Shares in Anglo-Dutch publishing group Reed Elsevier PLC (ENL) plummeted Thursday after it posted a sharp fall in first half net profit, lowered its guidance and announced plans to raise hundreds of millions of pounds in a share placing as the economic slump began to hurt previously resilient parts of its business.

The planned share placing underscores the continued drag on earnings from its business information unit, RBI, which it failed to sell last year and which is severely exposed to the advertising slump.

Net profit in the six months to Jun. 30 fell 48% to GBP161 million, from GBP309 million a year earlier, mainly on restructuring, impairment and other financial charges.

Reed Elsevier lowered its guidance for 2009, saying that it expects adjusted earnings per share growth to be "under some pressure for the full year" at constant currencies. Earlier this year it said it expected adjusted earnings per share to grow.
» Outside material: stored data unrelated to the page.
(* Assume $\mathscr{R}_0>\frac{\sigma_m(\mu+r)C_I}{\mu\beta}$ (equivalently $C_I<\frac{\beta A}{(\mu+r)(\mu+\beta+\rho)}$) and $$\frac{\mu^2}{\mu+r}\left(\sqrt{\frac{\beta}{\mu\sigma_m}+\frac{1}{\sigma_s}}-\sqrt{\frac{1}{\sigma_s}}\right)^2<C_I<\frac{\beta^2\sigma_s}{(\mu+r)\sigma_m^2}.$$ Then, with $K=1+\frac{\sigma_m(\mu+r)}{\mu\beta}C_I$: $E^*$ is the unique endemic equilibrium of (3) if $1<\mathscr{R}_0<(\sqrt p+\sqrt q)^2$; all of $E^*,E_1^*,E_2^*$ are endemic equilibria if $(\sqrt p+\sqrt q)^2\le\mathscr{R}_0<K$; $E^*$ and $E_1^*$ are endemic equilibria but $E_2^*$ is not if $\mathscr{R}_0=K$; $E_1^*$ is the unique endemic equilibrium if $\mathscr{R}_0>K$.
   Context: Let $A,\sigma_m,\sigma_s,\mu,\rho,\beta,r,C_I$ be positive constants. Write $[x]^+=\max\{0,x\}$ and $T(I_s)=rI_s$ if $I_s<C_I$, $T(I_s)=rC_I$ if $I_s\ge C_I$. System (3) is $$S'=A-\sigma_mSI_m-\sigma_sS[I_s-C_I]^+-\mu S,\quad I_m'=\sigma_mSI_m+\sigma_sS[I_s-C_I]^+-(\mu+\rho+\beta)I_m,\quad I_s'=\beta I_m-T(I_s)-\mu I_s.$$ $\mathscr{R}_0=\frac{A\sigma_m}{\mu(\mu+\beta+\rho)}$. An endemic equilibrium is an equilibrium of (3) with $S,I_m,I_s>0$. $E^*=(S^*,I_m^*,I_s^* )$ with $S^*=\frac{\mu+\beta+\rho}{\sigma_m}$, $I_m^*=\frac{\mu(\mathscr{R}_0-1)}{\sigma_m}$, $I_s^*=\frac{\mu\beta(\mathscr{R}_0-1)}{\sigma_m(\mu+r)}$. Let $p=\frac{(\mu+r)\sigma_m\sigma_sC_I}{\mu(\mu\sigma_m+\beta\sigma_s)}$, $q=\frac{\mu\sigma_m}{\mu\sigma_m+\beta\sigma_s}$, and $S_{1,2}^*=\frac{\mu+\beta+\rho}{2\sigma_m}\big\{\mathscr{R}_0-p+q\mp\sqrt{(\mathscr{R}_0-p-q)^2-4pq}\big\}$ (minus sign for $S_1^*$, plus for $S_2^*$), $I_{m_i}^*=\frac{\mu\mathscr{R}_0}{\sigma_m}-\frac{\mu S_i^*}{\mu+\beta+\rho}$, $I_{s_i}^*=\frac{\beta\mathscr{R}_0}{\sigma_m}-\frac{\beta S_i^*}{\mu+\beta+\rho}-\frac{rC_I}{\mu}$, $E_i^*=(S_i^*,I_{m_i}^*,I_{s_i}^* )$, $i=1,2$. "$E_i^*$ exists" / "$E_i^*$ is an endemic equilibrium" means $S_i^*$ is real, $S_i^*>0$, $I_{m_i}^*>0$ and $I_{s_i}^*>C_I$; "$E^*$ exists" means $E^*$ is an endemic equilibrium. *)

theory Defs
  imports Complex_Main
begin

definition pos_part :: "real \<Rightarrow> real" where
  "pos_part x = max 0 x"

definition Tfun :: "real \<Rightarrow> real \<Rightarrow> real \<Rightarrow> real" where
  "Tfun r CI Isv = (if Isv < CI then r * Isv else r * CI)"

definition is_equilibrium ::
  "real \<Rightarrow> real \<Rightarrow> real \<Rightarrow> real \<Rightarrow> real \<Rightarrow> real \<Rightarrow> real \<Rightarrow> real \<Rightarrow> real \<Rightarrow> real \<Rightarrow> real \<Rightarrow> bool" where
  "is_equilibrium A sm ss mu rho beta r CI S Imv Isv \<longleftrightarrow>
     A - sm * S * Imv - ss * S * pos_part (Isv - CI) - mu * S = 0 \<and>
     sm * S * Imv + ss * S * pos_part (Isv - CI) - (mu + rho + beta) * Imv = 0 \<and>
     beta * Imv - Tfun r CI Isv - mu * Isv = 0"

definition endemic_equilibrium ::
  "real \<Rightarrow> real \<Rightarrow> real \<Rightarrow> real \<Rightarrow> real \<Rightarrow> real \<Rightarrow> real \<Rightarrow> real \<Rightarrow> real \<Rightarrow> real \<Rightarrow> real \<Rightarrow> bool" where
  "endemic_equilibrium A sm ss mu rho beta r CI S Imv Isv \<longleftrightarrow>
     is_equilibrium A sm ss mu rho beta r CI S Imv Isv \<and> S > 0 \<and> Imv > 0 \<and> Isv > 0"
"The downturn in macro-economic conditions over the last year has been severe and unprecedented", Chief Executive Ian Smith said in a statement. "The depth and length of the downturn is, however, having some effect on even our most resilient businesses."

The company said the outlook remains challenging and that overall organic revenue and operating profit will remain under pressure this year, and said it will examine every opportunity to increase cost efficiency further.
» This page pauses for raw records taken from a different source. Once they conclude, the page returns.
(* Let $\tau\in\mathbb R$ and let $(\vartheta(s),\omega(s))$, $s\in J$ ($J$ an interval containing $0$), be a $C^1$ solution with $\vartheta(s)\in(-\pi/2,\pi/2)$ of Hamilton's equations for $H(\vartheta,\omega)=\frac12(\omega^2+\tau^2\tan^2\vartheta)$, namely $\dot\vartheta=\omega$, $\dot\omega=-\tau^2\tan\vartheta/\cos^2\vartheta$, with $\vartheta(0)=0$. Let $E\ge0$ be defined by $E^2=2H(\vartheta(s),\omega(s))$ (a constant along the solution), assume $E^2+\tau^2>0$ and set $\Omega=\sqrt{E^2+\tau^2}$. Then $\sin^2\vartheta(s)=\frac{E^2}{\Omega^2}\sin^2(\Omega s)$ for all $s\in J$. *)

theory Defs
  imports "HOL-Analysis.Analysis"
begin

definition hamH :: "real \<Rightarrow> real \<Rightarrow> real \<Rightarrow> real" where
  "hamH \<tau> th w = (w^2 + \<tau>^2 * (tan th)^2) / 2"

end

theory Submission
  imports Defs
begin

text \<open>
  Conservation of \<open>H\<close> gives \<open>\<omega>\<^sup>2 = E\<^sup>2 - \<tau>\<^sup>2 tan\<^sup>2 \<vartheta>\<close>. With this, \<open>y = sin \<vartheta>\<close> has
  \<open>y' = cos \<vartheta> \<omega>\<close> and \<open>y'' = -(E\<^sup>2 + \<tau>\<^sup>2) y\<close>, because \<open>1 + tan\<^sup>2 = 1 / cos\<^sup>2\<close>. So \<open>y\<close> solves the
  harmonic oscillator with frequency \<open>\<Omega>\<close> and initial data \<open>y(0) = 0\<close>, \<open>y'(0) = \<omega>(0) = \<plusminus>E\<close>,
  and uniqueness of such solutions (via the conserved oscillator energy of the difference)
  gives \<open>sin \<vartheta>(s) = \<omega>(0) sin(\<Omega> s) / \<Omega>\<close>.
\<close>

lemma oscillator_energy_const:
  fixes u v :: "real \<Rightarrow> real" and \<Omega> :: real
  assumes J: "is_interval J"
    and u': "\<And>s. s \<in> J \<Longrightarrow> (u has_real_derivative v s) (at s within J)"
    and v': "\<And>s. s \<in> J \<Longrightarrow> (v has_real_derivative - (\<Omega>^2 * u s)) (at s within J)"
    and "s \<in> J" "t \<in> J"
  shows "v s ^ 2 + \<Omega>^2 * u s ^ 2 = v t ^ 2 + \<Omega>^2 * u t ^ 2"
proof -
  have "((\<lambda>s. v s ^ 2 + \<Omega>^2 * u s ^ 2) has_real_derivative 0) (at s within J)"
    if "s \<in> J" for s
    using DERIV_add[OF DERIV_power[OF v'[OF that], of 2]
        DERIV_cmult[OF DERIV_power[OF u'[OF that], of 2], of "\<Omega>^2"]]
    by (simp add: algebra_simps)
  from has_field_derivative_zero_constant[OF is_interval_convex[OF J] this] obtain c
    where "\<And>s. s \<in> J \<Longrightarrow> v s ^ 2 + \<Omega>^2 * u s ^ 2 = c" by blast
  with \<open>s \<in> J\<close> \<open>t \<in> J\<close> show ?thesis by simp
qed

lemma oscillator_solution:
  fixes y z :: "real \<Rightarrow> real" and \<Omega> :: real
  assumes J: "is_interval J" "0 \<in> J" and \<Omega>: "\<Omega> > 0"
    and y': "\<And>s. s \<in> J \<Longrightarrow> (y has_real_derivative z s) (at s within J)"
    and z': "\<And>s. s \<in> J \<Longrightarrow> (z has_real_derivative - (\<Omega>^2 * y s)) (at s within J)"
    and s: "s \<in> J"
  shows "y s = y 0 * cos (\<Omega> * s) + z 0 / \<Omega> * sin (\<Omega> * s)"
proof -
  define Y where "Y s = y 0 * cos (\<Omega> * s) + z 0 / \<Omega> * sin (\<Omega> * s)" for s
  define Z where "Z s = z 0 * cos (\<Omega> * s) - y 0 * \<Omega> * sin (\<Omega> * s)" for s
  have Y': "(Y has_real_derivative Z s) (at s within J)" for s
    unfolding Y_def Z_def using \<Omega>
    by (auto intro!: derivative_eq_intros simp: field_simps)
  have Z': "(Z has_real_derivative - (\<Omega>^2 * Y s)) (at s within J)" for s
    unfolding Y_def Z_def using \<Omega>
    by (auto intro!: derivative_eq_intros simp: field_simps power2_eq_square)
  have "(z s - Z s) ^ 2 + \<Omega>^2 * (y s - Y s) ^ 2 = (z 0 - Z 0) ^ 2 + \<Omega>^2 * (y 0 - Y 0) ^ 2"
  proof (rule oscillator_energy_const[OF J(1) _ _ s J(2)])
    show "((\<lambda>s. y s - Y s) has_real_derivative z s - Z s) (at s within J)" if "s \<in> J" for s
      using DERIV_diff[OF y'[OF that] Y'] .
    show "((\<lambda>s. z s - Z s) has_real_derivative - (\<Omega>^2 * (y s - Y s))) (at s within J)"
      if "s \<in> J" for s
      using DERIV_diff[OF z'[OF that] Z'] by (simp add: algebra_simps)
  qed
  also have "\<dots> = 0" by (simp add: Y_def Z_def)
  finally have "y s = Y s" using \<Omega> by (simp add: add_nonneg_eq_0_iff)
  then show ?thesis by (simp add: Y_def)
qed

lemma hamH_conserved:
  fixes \<tau> :: real and th w :: "real \<Rightarrow> real"
  assumes J: "is_interval J"
    and cos: "\<And>s. s \<in> J \<Longrightarrow> cos (th s) \<noteq> 0"
    and th': "\<And>s. s \<in> J \<Longrightarrow> (th has_real_derivative w s) (at s within J)"
    and w': "\<And>s. s \<in> J \<Longrightarrow>
               (w has_real_derivative (- (\<tau>^2 * tan (th s) / (cos (th s))^2))) (at s within J)"
    and "s \<in> J" "t \<in> J"
  shows "hamH \<tau> (th s) (w s) = hamH \<tau> (th t) (w t)"
proof -
  have "((\<lambda>s. w s ^ 2 + \<tau>^2 * tan (th s) ^ 2) has_real_derivative 0) (at s within J)"
    if s: "s \<in> J" for s
    by (rule derivative_eq_intros th'[OF s] w'[OF s] refl cos[OF s])+
      (use cos[OF s] in \<open>simp add: field_simps power2_eq_square\<close>)
  from has_field_derivative_zero_constant[OF is_interval_convex[OF J] this] obtain c
    where "\<And>s. s \<in> J \<Longrightarrow> w s ^ 2 + \<tau>^2 * tan (th s) ^ 2 = c" by blast
  with \<open>s \<in> J\<close> \<open>t \<in> J\<close> show ?thesis by (simp add: hamH_def)
qed

lemma has_real_derivative_cos_angle_momentum:
  fixes \<tau> :: real and th w :: "real \<Rightarrow> real"
  assumes cos: "cos (th s) \<noteq> 0"
    and th': "(th has_real_derivative w s) (at s within J)"
    and w': "(w has_real_derivative (- (\<tau>^2 * tan (th s) / (cos (th s))^2))) (at s within J)"
  shows "((\<lambda>s. cos (th s) * w s) has_real_derivative
           - ((2 * hamH \<tau> (th s) (w s) + \<tau>^2) * sin (th s))) (at s within J)"
proof -
  have "((\<lambda>s. cos (th s) * w s) has_real_derivative
           - sin (th s) * w s * w s + - (\<tau>^2 * tan (th s) / cos (th s) ^ 2) * cos (th s))
         (at s within J)"
    by (rule derivative_eq_intros th' w' refl)+
  moreover have "- sin (th s) * w s * w s + - (\<tau>^2 * tan (th s) / cos (th s) ^ 2) * cos (th s)
      = - ((2 * hamH \<tau> (th s) (w s) + \<tau>^2) * sin (th s))"
  proof -
    have tan_term: "- (\<tau>^2 * tan (th s) / cos (th s) ^ 2) * cos (th s)
        = - (\<tau>^2 * (sin (th s) * (1 + tan (th s) ^ 2)))"
      unfolding tan_sec[OF cos] using cos by (simp add: tan_def power2_eq_square field_simps)
    show ?thesis unfolding tan_term hamH_def by (simp add: algebra_simps power2_eq_square)
  qed
  ultimately show ?thesis by simp
qed

theorem lemma4p12:
  fixes \<tau> E :: real and J :: "real set" and th w :: "real \<Rightarrow> real"
  assumes J: "is_interval J" "0 \<in> J"
    and C1: "continuous_on J th" "continuous_on J w"
    and range: "\<And>s. s \<in> J \<Longrightarrow> th s \<in> {-pi/2<..<pi/2}"
    and eq1: "\<And>s. s \<in> J \<Longrightarrow> (th has_real_derivative w s) (at s within J)"
    and eq2: "\<And>s. s \<in> J \<Longrightarrow>
               (w has_real_derivative (- (\<tau>^2 * tan (th s) / (cos (th s))^2))) (at s within J)"
    and init: "th 0 = 0"
    and E: "E \<ge> 0" "E^2 = 2 * hamH \<tau> (th 0) (w 0)"
    and pos: "E^2 + \<tau>^2 > 0"
  shows "\<forall>s\<in>J. (sin (th s))^2
           = E^2 / (sqrt (E^2 + \<tau>^2))^2 * (sin (sqrt (E^2 + \<tau>^2) * s))^2"
proof
  fix s assume s: "s \<in> J"
  define \<Omega> where "\<Omega> = sqrt (E^2 + \<tau>^2)"
  have \<Omega>: "\<Omega> > 0" "\<Omega>^2 = E^2 + \<tau>^2" using pos by (simp_all add: \<Omega>_def)
  have cos: "cos (th t) \<noteq> 0" if "t \<in> J" for t
    using range[OF that] cos_gt_zero_pi[of "th t"] by auto
  have sin': "((\<lambda>t. sin (th t)) has_real_derivative cos (th t) * w t) (at t within J)"
    if t: "t \<in> J" for t
    by (rule derivative_eq_intros eq1[OF t] refl)+
  have momentum': "((\<lambda>t. cos (th t) * w t) has_real_derivative - (\<Omega>^2 * sin (th t)))
      (at t within J)"
    if t: "t \<in> J" for t
    using has_real_derivative_cos_angle_momentum[OF cos[OF t] eq1[OF t] eq2[OF t]]
      hamH_conserved[OF J(1) cos eq1 eq2 t J(2)] E(2) \<Omega>(2) by simp
  from oscillator_solution[OF J \<Omega>(1) sin' momentum' s]
  have "sin (th s) = w 0 / \<Omega> * sin (\<Omega> * s)" using init by simp
  moreover have "E^2 = w 0 ^ 2" using E(2) init by (simp add: hamH_def)
  ultimately show "(sin (th s))^2 = E^2 / (sqrt (E^2 + \<tau>^2))^2 * (sin (sqrt (E^2 + \<tau>^2) * s))^2"
    by (simp add: \<Omega>_def power_mult_distrib power_divide)
qed

end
To shore up its balance sheet, Reed Elsevier said it plans a share placement of up to 9.9% of its issued share capital in both London and Amsterdam, where it is listed, which in total would amount to 172.2 million new shares. At current prices, Reed would raise around GBP450 million in London and approximately EUR450 million in Amsterdam, but the issue is likely to be at a discount to current prices.
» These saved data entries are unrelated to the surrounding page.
theorem mainTheorem4:
  fixes a0 b0 c0 a1 b1 c1 Fbar Sbar :: real
  assumes "0 < a0" "0 < b0" "0 < c0" "0 < a1" "0 < b1" "0 < c1"
    and "0 < Fbar" "0 < Sbar"
  defines "\<delta> \<equiv> ptm_delta a1 b1 c1"
    and "\<gamma> \<equiv> ptm_gamma c0 a1 b1 c1"
    and "lam \<equiv> ptm_lambda a0 b0 c0 a1 b1 c1"
  defines "\<xi> \<equiv> \<gamma> * Fbar / \<delta>"
  defines "p1 \<equiv> (\<lambda>y::real. lam * y * (\<xi> - y))"
    and "p2 \<equiv> (\<lambda>y::real. (\<delta> + \<gamma>) * y^2 - \<gamma> * (1 / \<delta> + Fbar + \<xi> + Sbar) * y + \<gamma> * \<xi> * Sbar)"
  defines "g \<equiv> (\<lambda>y::real. p1 y / p2 y)"
  shows "\<exists>\<alpha>1 \<alpha>2. 0 < \<alpha>1 \<and> \<alpha>1 < \<xi> \<and> \<xi> < \<alpha>2 \<and>
           {y. p2 y = 0} = {\<alpha>1, \<alpha>2} \<and>
           continuous_on {..<\<alpha>1} g \<and> strict_mono_on {..<\<alpha>1} g \<and>
           continuous_on {\<alpha>1<..<\<alpha>2} g \<and> strict_mono_on {\<alpha>1<..<\<alpha>2} g \<and>
           continuous_on {\<alpha>2<..} g \<and> strict_mono_on {\<alpha>2<..} g \<and>
           g 0 = 0 \<and>
           filterlim g at_top (at_left \<alpha>1) \<and>
           (\<forall>Ebar E S0 S1 F Y0 Y1. 0 < Ebar \<longrightarrow>
              ptm_BMSS a0 b0 c0 a1 b1 c1 Ebar Fbar Sbar E S0 S1 F Y0 Y1 \<longrightarrow>
              E = g Y0 \<and> 0 < Y0 \<and> Y0 < \<alpha>1)"
proof -
  interpret C: ptm_cascade a0 b0 c0 a1 b1 c1 Fbar Sbar
    using assms(1-8) by unfold_locales
  have reduced_form: "\<xi> = C.\<xi>" "p2 = C.p2" "g = C.g"
    by (simp_all add: fun_eq_iff \<xi>_def p1_def p2_def g_def C.\<xi>_def C.p1_def C.p2_def C.g_def
        \<gamma>_def C.\<gamma>_def \<delta>_def C.\<delta>_def lam_def C.lam_def)
  obtain \<alpha>1 \<alpha>2 where roots: "0 < \<alpha>1" "\<alpha>1 < C.\<xi>" "C.\<xi> < \<alpha>2"
    and factor: "\<And>y. C.p2 y = (C.\<delta> + C.\<gamma>) * (y - \<alpha>1) * (y - \<alpha>2)"
    using C.p2_factorization by blast
  have "g 0 = 0" by (simp add: g_def p1_def)
  then show ?thesis
    unfolding reduced_form
    using roots C.p2_zeros[OF roots factor] C.g_increasing_between_roots[OF roots factor]
      C.g_tendsto_at_top_at_left_\<alpha>1[OF roots factor] C.BMSS_below_first_root[OF roots factor]
    by blast
qed

end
The company also said it needed to take further action after it failed to sell its troubled Reed Business Information unit, or RBI, last year. The proceeds of that sale were to be used to pay off the $4.1 billion of debt that it racked up for the acquisition of data aggregation firm ChoicePoint in 2008. After the failure of the RBI sale, Reed issued bonds to help pay down that debt.

During a conference call, Smith said that selling RBI as a whole is now off the agenda, and that Reed is now only looking to sell controlled circulation magazines in the U.S., which are part of RBI.

The company also said that its most resilient businesses, content archive service Lexis Nexis and medical and scientific publisher Elsevier, weren't immune from the downturn. On a pro-forma basis, which includes the contribution of ChoicePoint to Lexis Nexis, underlying revenue was flat at these units.

Adjusted operating profit, a figure closely watched by analysts and which includes amortization, joint-ventures and exceptional items, of GBP782 million, up 26% compared with GBP619 million last year. In constant currencies however, adjusted operating profit was up only 5%.

For the total group, revenue for the first half rose 25% to GBP3.06 billion, and 3% in constant currencies, chiefly as a result of the acquisition of ChoicePoint. Organic revenue, which strips out ChoicePoint, fell 7%.

Around 1235 GMT, Reed Elsevier shares traded 13.9% lower at EUR7.19 on an overall higher AEX market in Amsterdam. In London, meanwhile, shares fell 13.8%, or 66p, to 414p, by far the biggest faller on a overall slightly higher FTSE 100.